Big question: Can the U.S. keep bucking the slowing global trend? Many forecasters see U.S. sales falling short of 17 million vehicles this year—still historically high, but a level that would mark only the second year-over-year decline since the 2007-2009 recession.
BREXIT UNCERTAINTY
British lawmakers are set to vote Tuesday on the terms of the divorce deal that Prime Minister Theresa May has spent two years hammering out with the European Union. The vote, which Mrs. May looks set to lose, is likely to prolong the uncertainty around Brexit just over two months before Britain is due to leave, Joanna Sugden reports.
QUOTE OF THE DAY
While China’s economy isn’t facing an imminent collapse, neither is it in a particularly good place. Growth in 2019 is likely to be weaker than in 2018 and this will play a significant role in the coming global slowdown.—Neil Shearing, chief economist at Capital Economics
TWEET OF THE DAY
[wsj-responsive-sandbox id = "0" ]WHAT ELSE WE’RE READING
The Democrats’ Clinton-Obama era is dead. “No matter who takes the Democratic nomination in 2020, they will speak for a radicalised party in quest of the new New Deal. They owe a debt of gratitude to Donald Trump. However much resurgent liberals detest America’s 45th president, they can thank him for sweeping away the mindset of systematic caution that has mesmerised Democratic leaders for a generation,” The Financial Times’ Edward Luce writes.
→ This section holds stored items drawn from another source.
lemma exists_MCSP_solver: "\<exists>T. solves_MCSP n T"
proof -
  obtain Ps where Ps: "set Ps = {P. is_config n P}"
    using finite_list[OF finite_configs] by blast
  have "solves_MCSP n (first_output_tree n Ps)"
    unfolding solves_MCSP_def
  proof (intro conjI allI impI)
    show "wf_dtree n (first_output_tree n Ps)"
      using Ps by (intro wf_first_output_tree) auto
    fix A :: "real list" assume A: "length A = n"
    obtain P where "is_output_config A P"
      using exists_output_config by blast
    with Ps A have "\<exists>P\<in>set Ps. is_output_config A P"
      by (auto simp: is_output_config_def)
    with Ps A show "\<exists>P. is_output_config A P \<and> run A (first_output_tree n Ps) = map real P"
      by (intro run_first_output_tree) auto
  qed
  then show ?thesis ..
qed

lemma K_attained: "\<exists>T. solves_MCSP n T \<and> height T = K n"
  unfolding K_def by (rule LeastI_ex) (use exists_MCSP_solver[of n] in blast)

theorem theorem2:
  fixes n :: nat and PP :: "nat list set"
  assumes "n \<ge> 1"
    and "\<forall>P \<in> PP. unique_config n P"
    and "PP \<noteq> {}"
  shows "\<lceil>log 3 (real (card PP))\<rceil> \<le> int (K n)"
proof -
  obtain T where T: "solves_MCSP n T" "height T = K n"
    using K_attained by blast
  with card_unique_configs_le[OF T(1) assms(2)]
  have "finite PP" and card: "card PP \<le> 3 ^ K n"
    by auto
  with assms(3) have "card PP \<ge> 1"
    by (simp add: Suc_le_eq card_gt_0_iff)
  moreover have "real (card PP) \<le> 3 ^ K n"
    using card by (metis of_nat_le_iff of_nat_numeral of_nat_power)
  ultimately have "log 3 (real (card PP)) \<le> log 3 (3 ^ K n)"
    by (intro log_mono) auto
  then show ?thesis
    by (simp add: log_nat_power ceiling_le_iff)
qed

end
Fox talk show host Tucker Carlson has a new take on capitalism that’s winning praise from the left: “Any economic system that weakens and destroys families is not worth having.” Washington Post columnist Christine Emba says Mr. Carlson “has delivered a remarkably correct opinion to kick off 2019.”
UP NEXT: TUESDAY
The New York Fed’s Empire State manufacturing survey for January is expected to tick up to 11.0 from 10.9 a month earlier (8:30 a.m. ET)
The U.S. producer price index for December is expected to slip 0.1% from a month earlier. Excluding food and energy, the index is expected to rise 0.2%. (8:30 a.m. ET)
European Central Bank President Mario Draghi presents the ECB’s annual report at 10 a.m. ET.
The Minneapolis Fed’s Neel Kashkari speaks on the regional economy in Rochester, Minn., at 11:30 a.m. ET, the Kansas City Fed’s Esther George speaks on economy and monetary policy at 1 p.m. ET, and the Dallas Fed’s Robert Kaplan speaks in Plano, Texas at 1 p.m. ET.
U.K. lawmakers are scheduled to vote on Prime Minister Theresa May’s Brexit deal.